• Assignment:
Each line below must be written out exactly as shown.

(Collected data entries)

· · · · · · ·

lemma self_adjoint_iterates_tendsto_projection:
  fixes f :: "'a::real_inner \<Rightarrow> 'a"
  assumes lin: "linear f" and sa: "\<And>x y. f x \<bullet> y = x \<bullet> f y"
    and fe: "f e = e" and c1: "c < 1"
    and form: "\<And>x. x \<bullet> e = 0 \<Longrightarrow> \<bar>x \<bullet> f x\<bar> \<le> c * (x \<bullet> x)"
  shows "(\<lambda>t. (f ^^ t) x) \<longlonglongrightarrow> ((x \<bullet> e) / (e \<bullet> e)) *\<^sub>R e"
proof -
  define c' where "c' = max c 0"
  define p where "p = (x \<bullet> e) / (e \<bullet> e)"
  define y where "y = x - p *\<^sub>R e"
  have ye: "y \<bullet> e = 0"
    unfolding y_def p_def by (cases "e = 0") (simp_all add: inner_diff_left)
  have form': "\<bar>z \<bullet> f z\<bar> \<le> c' * (z \<bullet> z)" if "z \<bullet> e = 0" for z
    using form[OF that] mult_right_mono[of c c' "z \<bullet> z"] by (simp add: c'_def)
  have orth: "(f ^^ t) y \<bullet> e = 0" for t
    using self_adjoint_funpow_inner_eigenvector[OF sa, of e 1 t y] fe ye by simp
  have decay: "norm ((f ^^ t) y) \<le> c'^t * norm y" for t
  proof (induction t)
    case 0
    show ?case by simp
  next
    case (Suc t)
    have "norm ((f ^^ Suc t) y) \<le> c' * norm ((f ^^ t) y)"
      using self_adjoint_norm_le_on_orthogonal[OF lin sa fe _ form' orth] by (simp add: c'_def)
    also have "\<dots> \<le> c' * (c'^t * norm y)"
      using Suc by (intro mult_left_mono) (simp_all add: c'_def)
    finally show ?case by simp
  qed
  have "(\<lambda>t. c'^t * norm y) \<longlonglongrightarrow> 0"
    by (rule tendsto_mult_left_zero[OF LIMSEQ_power_zero]) (use c1 in \<open>simp add: c'_def\<close>)
  then have "(\<lambda>t. (f ^^ t) y) \<longlonglongrightarrow> 0"
    by (rule Lim_null_comparison[rotated]) (simp add: decay)
  then have "(\<lambda>t. p *\<^sub>R e + (f ^^ t) y) \<longlonglongrightarrow> p *\<^sub>R e + 0"
    by (intro tendsto_add tendsto_const)
  moreover have "(f ^^ t) x = p *\<^sub>R e + (f ^^ t) y" for t
    using linear_funpow_fixed_add[OF lin fe, of t p y] by (simp add: y_def)
  ultimately show ?thesis by (simp add: p_def)
qed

· · · · · · ·

• Exercise solution:
lemma self_adjoint_iterates_tendsto_projection:
  fixes f :: "'a::real_inner \<Rightarrow> 'a"
  assumes lin: "linear f" and sa: "\<And>x y. f x \<bullet> y = x \<bullet> f y"
    and fe: "f e = e" and c1: "c < 1"
    and form: "\<And>x. x \<bullet> e = 0 \<Longrightarrow> \<bar>x \<bullet> f x\<bar> \<le> c * (x \<bullet> x)"
  shows "(\<lambda>t. (f ^^ t) x) \<longlonglongrightarrow> ((x \<bullet> e) / (e \<bullet> e)) *\<^sub>R e"
proof -
  define c' where "c' = max c 0"
  define p where "p = (x \<bullet> e) / (e \<bullet> e)"
  define y where "y = x - p *\<^sub>R e"
  have ye: "y \<bullet> e = 0"
    unfolding y_def p_def by (cases "e = 0") (simp_all add: inner_diff_left)
  have form': "\<bar>z \<bullet> f z\<bar> \<le> c' * (z \<bullet> z)" if "z \<bullet> e = 0" for z
    using form[OF that] mult_right_mono[of c c' "z \<bullet> z"] by (simp add: c'_def)
  have orth: "(f ^^ t) y \<bullet> e = 0" for t
    using self_adjoint_funpow_inner_eigenvector[OF sa, of e 1 t y] fe ye by simp
  have decay: "norm ((f ^^ t) y) \<le> c'^t * norm y" for t
  proof (induction t)
    case 0
    show ?case by simp
  next
    case (Suc t)
    have "norm ((f ^^ Suc t) y) \<le> c' * norm ((f ^^ t) y)"
      using self_adjoint_norm_le_on_orthogonal[OF lin sa fe _ form' orth] by (simp add: c'_def)
    also have "\<dots> \<le> c' * (c'^t * norm y)"
      using Suc by (intro mult_left_mono) (simp_all add: c'_def)
    finally show ?case by simp
  qed
  have "(\<lambda>t. c'^t * norm y) \<longlonglongrightarrow> 0"
    by (rule tendsto_mult_left_zero[OF LIMSEQ_power_zero]) (use c1 in \<open>simp add: c'_def\<close>)
  then have "(\<lambda>t. (f ^^ t) y) \<longlonglongrightarrow> 0"
    by (rule Lim_null_comparison[rotated]) (simp add: decay)
  then have "(\<lambda>t. p *\<^sub>R e + (f ^^ t) y) \<longlonglongrightarrow> p *\<^sub>R e + 0"
    by (intro tendsto_add tendsto_const)
  moreover have "(f ^^ t) x = p *\<^sub>R e + (f ^^ t) y" for t
    using linear_funpow_fixed_add[OF lin fe, of t p y] by (simp add: y_def)
  ultimately show ?thesis by (simp add: p_def)
qed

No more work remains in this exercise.